-- Activity --
I would like you to print all the records below exactly as they are.

Collected data
= = =

section \<open>Functions of the form \<open>c|s - 1|\<close>\<close>

lemma eq_if_mono_and_square_le:
  fixes R :: "real \<Rightarrow> 'a::order"
  assumes mono: "\<And>x y. 1 < x \<Longrightarrow> x \<le> y \<Longrightarrow> R x \<le> R y"
    and square: "\<And>x. 1 < x \<Longrightarrow> R (x * x) \<le> R x"
    and xy: "1 < x" "1 < y"
  shows "R x = R y"
proof -
  have le: "R u \<le> R v" if u: "1 < u" and v: "1 < v" for u v
  proof -
    have pow: "R (v ^ 2 ^ n) \<le> R v" for n
    proof (induction n)
      case (Suc n)
      have "v ^ 2 ^ Suc n = v ^ 2 ^ n * v ^ 2 ^ n" by (simp add: power_add[symmetric] mult_2)
      moreover have "1 < v ^ 2 ^ n" using v by (simp add: one_less_power)
      ultimately show ?case using square Suc.IH by (metis order_trans)
    qed simp
    obtain n where n: "u < v ^ n" using real_arch_pow[OF v] by blast
    have "v ^ n \<le> v ^ 2 ^ n" using v by (intro power_increasing) (auto intro: less_imp_le less_exp)
    then have "R u \<le> R (v ^ 2 ^ n)" using n u by (intro mono) auto
    also have "\<dots> \<le> R v" by (rule pow)
    finally show ?thesis .
  qed
  show ?thesis using le[OF xy] le[OF xy(2,1)] by (rule antisym)
qed

lemma eq_mult_minus_one_above_1:
  fixes F :: "real \<Rightarrow> ennreal"
  assumes square: "\<And>x. 1 < x \<Longrightarrow> F (x * x) \<le> F x + ennreal x * F x"
    and chord: "\<And>x y. 1 < x \<Longrightarrow> x < y \<Longrightarrow> F x \<le> ennreal ((x - 1) / (y - 1)) * F y"
  shows "\<exists>c. \<forall>x>1. F x = c * ennreal (x - 1)"
proof -
  define R where "R x = F x * ennreal (1/(x - 1))" for x
  have mono: "R x \<le> R y" if xy: "1 < x" "x \<le> y" for x y
  proof (cases "x = y")
    case False
    then have "F x \<le> ennreal ((x - 1)/(y - 1)) * F y" using chord xy by simp
    then have "R x \<le> F y * (ennreal ((x - 1)/(y - 1)) * ennreal (1/(x - 1)))"
      unfolding R_def by (metis mult_right_mono zero_le mult.commute mult.assoc)
    also have "ennreal ((x - 1)/(y - 1)) * ennreal (1/(x - 1)) = ennreal (1/(y - 1))"
      using xy by (simp add: ennreal_mult[symmetric] field_simps)
    finally show ?thesis by (simp add: R_def)
  qed simp
  have sq: "R (x * x) \<le> R x" if x: "x > 1" for x
  proof -
    have "F (x * x) \<le> ennreal (1 + x) * F x"
      using square[OF x] x by (simp add: ennreal_plus distrib_right)
    then have "R (x * x) \<le> F x * (ennreal (1 + x) * ennreal (1/(x * x - 1)))"
      unfolding R_def by (metis mult_right_mono zero_le mult.commute mult.assoc)
    also have "ennreal (1 + x) * ennreal (1/(x * x - 1)) = ennreal (1/(x - 1))"
    proof -
      have "x * x - 1 = (1 + x) * (x - 1)" by (simp add: algebra_simps)
      then have "(1 + x) * (1/(x * x - 1)) = 1/(x - 1)" using x by simp
      moreover have "0 \<le> 1/(x * x - 1)" using x by (simp add: less_1_mult less_imp_le)
      ultimately show ?thesis using x by (simp add: ennreal_mult[symmetric] del: ennreal_plus)
    qed
    finally show ?thesis by (simp add: R_def)
  qed
  have "F x = R 2 * ennreal (x - 1)" if x: "x > 1" for x
  proof -
    have "R x = R 2" using x by (intro eq_if_mono_and_square_le[of R, OF mono sq]) auto
    moreover have "F x = R x * ennreal (x - 1)"
      using x by (simp add: R_def mult.assoc ennreal_mult[symmetric])
    ultimately show ?thesis by simp
  qed
  then show ?thesis by blast
qed

lemma eq_mult_abs_minus_one:
  fixes F :: "real \<Rightarrow> ennreal"
  assumes F1: "F 1 = 0"
    and square: "\<And>x. 1 < x \<Longrightarrow> F (x * x) \<le> F x + ennreal x * F x"
    and reflect: "\<And>s. 0 < s \<Longrightarrow> s < 1 \<Longrightarrow> F s = ennreal s * F (1/s)"
    and chord: "\<And>x y. 1 < x \<Longrightarrow> x < y \<Longrightarrow> F x \<le> ennreal ((x - 1) / (y - 1)) * F y"
  shows "\<exists>c. \<forall>s>0. F s = c * ennreal \<bar>s - 1\<bar>"
proof -
  obtain c where above_1: "\<And>x. 1 < x \<Longrightarrow> F x = c * ennreal (x - 1)"
    using eq_mult_minus_one_above_1[OF square chord] by blast
  have "F s = c * ennreal \<bar>s - 1\<bar>" if s: "s > 0" for s
  proof -
    consider "s > 1" | "s = 1" | "s < 1" by linarith
    then show ?thesis
    proof cases
      case 3
      have "F s = ennreal s * (c * ennreal (1/s - 1))" using reflect above_1[of "1/s"] s 3 by simp
      also have "\<dots> = c * ennreal (s * (1/s - 1))"
        using s 3 by (simp add: ennreal_mult ac_simps)
      also have "s * (1/s - 1) = \<bar>s - 1\<bar>" using s 3 by (simp add: field_simps)
      finally show ?thesis .
    qed (use F1 above_1 in simp_all)
  qed
  then show ?thesis by blast
qed

section \<open>Fixed points of \<open>T\<^sub>1\<close>\<close>

lemma Gamma0_at_0:
  assumes F: "F \<in> Gamma0" and c: "\<forall>s>0. F s = c * ennreal \<bar>s - 1\<bar>"
  shows "F 0 = c"
proof (rule antisym)
  have "closedin (top_of_set {0..}) {x\<in>{0..}. F x \<le> c}"
    using F unfolding Gamma0_def lsc_on_def by blast
  then have closed: "closed {x\<in>{0::real..}. F x \<le> c}" by (rule closedin_closed_trans) simp
  have "inverse (real (Suc n)) \<in> {x\<in>{0::real..}. F x \<le> c}" for n
  proof -
    have "\<bar>inverse (real (Suc n)) - 1\<bar> \<le> 1" by (simp add: field_simps)
    then have "c * ennreal \<bar>inverse (real (Suc n)) - 1\<bar> \<le> c * 1"
      by (intro mult_left_mono) (auto simp: ennreal_le_1)
    then show ?thesis using c by simp
  qed
  then show "F 0 \<le> c"
    using closed_sequentially[OF closed _ LIMSEQ_inverse_real_of_nat] by blast
  have "F ((1 - 1/2) * 0 + (1/2) * 1) \<le> ennreal (1 - 1/2) * F 0 + ennreal (1/2) * F 1"
    using Gamma0_convexD[OF F, of 0 1 "1/2"] by simp
  then have "ennreal (1/2) * c \<le> ennreal (1/2) * F 0"
    using c Gamma0_at_1[OF F] by (simp add: mult.commute)
  then show "c \<le> F 0" by (subst (asm) ennreal_mult_le_mult_iff) auto
qed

= = =

-- Task response --
section \<open>Functions of the form \<open>c|s - 1|\<close>\<close>

lemma eq_if_mono_and_square_le:
  fixes R :: "real \<Rightarrow> 'a::order"
  assumes mono: "\<And>x y. 1 < x \<Longrightarrow> x \<le> y \<Longrightarrow> R x \<le> R y"
    and square: "\<And>x. 1 < x \<Longrightarrow> R (x * x) \<le> R x"
    and xy: "1 < x" "1 < y"
  shows "R x = R y"
proof -
  have le: "R u \<le> R v" if u: "1 < u" and v: "1 < v" for u v
  proof -
    have pow: "R (v ^ 2 ^ n) \<le> R v" for n
    proof (induction n)
      case (Suc n)
      have "v ^ 2 ^ Suc n = v ^ 2 ^ n * v ^ 2 ^ n" by (simp add: power_add[symmetric] mult_2)
      moreover have "1 < v ^ 2 ^ n" using v by (simp add: one_less_power)
      ultimately show ?case using square Suc.IH by (metis order_trans)
    qed simp
    obtain n where n: "u < v ^ n" using real_arch_pow[OF v] by blast
    have "v ^ n \<le> v ^ 2 ^ n" using v by (intro power_increasing) (auto intro: less_imp_le less_exp)
    then have "R u \<le> R (v ^ 2 ^ n)" using n u by (intro mono) auto
    also have "\<dots> \<le> R v" by (rule pow)
    finally show ?thesis .
  qed
  show ?thesis using le[OF xy] le[OF xy(2,1)] by (rule antisym)
qed

lemma eq_mult_minus_one_above_1:
  fixes F :: "real \<Rightarrow> ennreal"
  assumes square: "\<And>x. 1 < x \<Longrightarrow> F (x * x) \<le> F x + ennreal x * F x"
    and chord: "\<And>x y. 1 < x \<Longrightarrow> x < y \<Longrightarrow> F x \<le> ennreal ((x - 1) / (y - 1)) * F y"
  shows "\<exists>c. \<forall>x>1. F x = c * ennreal (x - 1)"
proof -
  define R where "R x = F x * ennreal (1/(x - 1))" for x
  have mono: "R x \<le> R y" if xy: "1 < x" "x \<le> y" for x y
  proof (cases "x = y")
    case False
    then have "F x \<le> ennreal ((x - 1)/(y - 1)) * F y" using chord xy by simp
    then have "R x \<le> F y * (ennreal ((x - 1)/(y - 1)) * ennreal (1/(x - 1)))"
      unfolding R_def by (metis mult_right_mono zero_le mult.commute mult.assoc)
    also have "ennreal ((x - 1)/(y - 1)) * ennreal (1/(x - 1)) = ennreal (1/(y - 1))"
      using xy by (simp add: ennreal_mult[symmetric] field_simps)
    finally show ?thesis by (simp add: R_def)
  qed simp
  have sq: "R (x * x) \<le> R x" if x: "x > 1" for x
  proof -
    have "F (x * x) \<le> ennreal (1 + x) * F x"
      using square[OF x] x by (simp add: ennreal_plus distrib_right)
    then have "R (x * x) \<le> F x * (ennreal (1 + x) * ennreal (1/(x * x - 1)))"
      unfolding R_def by (metis mult_right_mono zero_le mult.commute mult.assoc)
    also have "ennreal (1 + x) * ennreal (1/(x * x - 1)) = ennreal (1/(x - 1))"
    proof -
      have "x * x - 1 = (1 + x) * (x - 1)" by (simp add: algebra_simps)
      then have "(1 + x) * (1/(x * x - 1)) = 1/(x - 1)" using x by simp
      moreover have "0 \<le> 1/(x * x - 1)" using x by (simp add: less_1_mult less_imp_le)
      ultimately show ?thesis using x by (simp add: ennreal_mult[symmetric] del: ennreal_plus)
    qed
    finally show ?thesis by (simp add: R_def)
  qed
  have "F x = R 2 * ennreal (x - 1)" if x: "x > 1" for x
  proof -
    have "R x = R 2" using x by (intro eq_if_mono_and_square_le[of R, OF mono sq]) auto
    moreover have "F x = R x * ennreal (x - 1)"
      using x by (simp add: R_def mult.assoc ennreal_mult[symmetric])
    ultimately show ?thesis by simp
  qed
  then show ?thesis by blast
qed

lemma eq_mult_abs_minus_one:
  fixes F :: "real \<Rightarrow> ennreal"
  assumes F1: "F 1 = 0"
    and square: "\<And>x. 1 < x \<Longrightarrow> F (x * x) \<le> F x + ennreal x * F x"
    and reflect: "\<And>s. 0 < s \<Longrightarrow> s < 1 \<Longrightarrow> F s = ennreal s * F (1/s)"
    and chord: "\<And>x y. 1 < x \<Longrightarrow> x < y \<Longrightarrow> F x \<le> ennreal ((x - 1) / (y - 1)) * F y"
  shows "\<exists>c. \<forall>s>0. F s = c * ennreal \<bar>s - 1\<bar>"
proof -
  obtain c where above_1: "\<And>x. 1 < x \<Longrightarrow> F x = c * ennreal (x - 1)"
    using eq_mult_minus_one_above_1[OF square chord] by blast
  have "F s = c * ennreal \<bar>s - 1\<bar>" if s: "s > 0" for s
  proof -
    consider "s > 1" | "s = 1" | "s < 1" by linarith
    then show ?thesis
    proof cases
      case 3
      have "F s = ennreal s * (c * ennreal (1/s - 1))" using reflect above_1[of "1/s"] s 3 by simp
      also have "\<dots> = c * ennreal (s * (1/s - 1))"
        using s 3 by (simp add: ennreal_mult ac_simps)
      also have "s * (1/s - 1) = \<bar>s - 1\<bar>" using s 3 by (simp add: field_simps)
      finally show ?thesis .
    qed (use F1 above_1 in simp_all)
  qed
  then show ?thesis by blast
qed

section \<open>Fixed points of \<open>T\<^sub>1\<close>\<close>

lemma Gamma0_at_0:
  assumes F: "F \<in> Gamma0" and c: "\<forall>s>0. F s = c * ennreal \<bar>s - 1\<bar>"
  shows "F 0 = c"
proof (rule antisym)
  have "closedin (top_of_set {0..}) {x\<in>{0..}. F x \<le> c}"
    using F unfolding Gamma0_def lsc_on_def by blast
  then have closed: "closed {x\<in>{0::real..}. F x \<le> c}" by (rule closedin_closed_trans) simp
  have "inverse (real (Suc n)) \<in> {x\<in>{0::real..}. F x \<le> c}" for n
  proof -
    have "\<bar>inverse (real (Suc n)) - 1\<bar> \<le> 1" by (simp add: field_simps)
    then have "c * ennreal \<bar>inverse (real (Suc n)) - 1\<bar> \<le> c * 1"
      by (intro mult_left_mono) (auto simp: ennreal_le_1)
    then show ?thesis using c by simp
  qed
  then show "F 0 \<le> c"
    using closed_sequentially[OF closed _ LIMSEQ_inverse_real_of_nat] by blast
  have "F ((1 - 1/2) * 0 + (1/2) * 1) \<le> ennreal (1 - 1/2) * F 0 + ennreal (1/2) * F 1"
    using Gamma0_convexD[OF F, of 0 1 "1/2"] by simp
  then have "ennreal (1/2) * c \<le> ennreal (1/2) * F 0"
    using c Gamma0_at_1[OF F] by (simp add: mult.commute)
  then show "c \<le> F 0" by (subst (asm) ennreal_mult_le_mult_iff) auto
qed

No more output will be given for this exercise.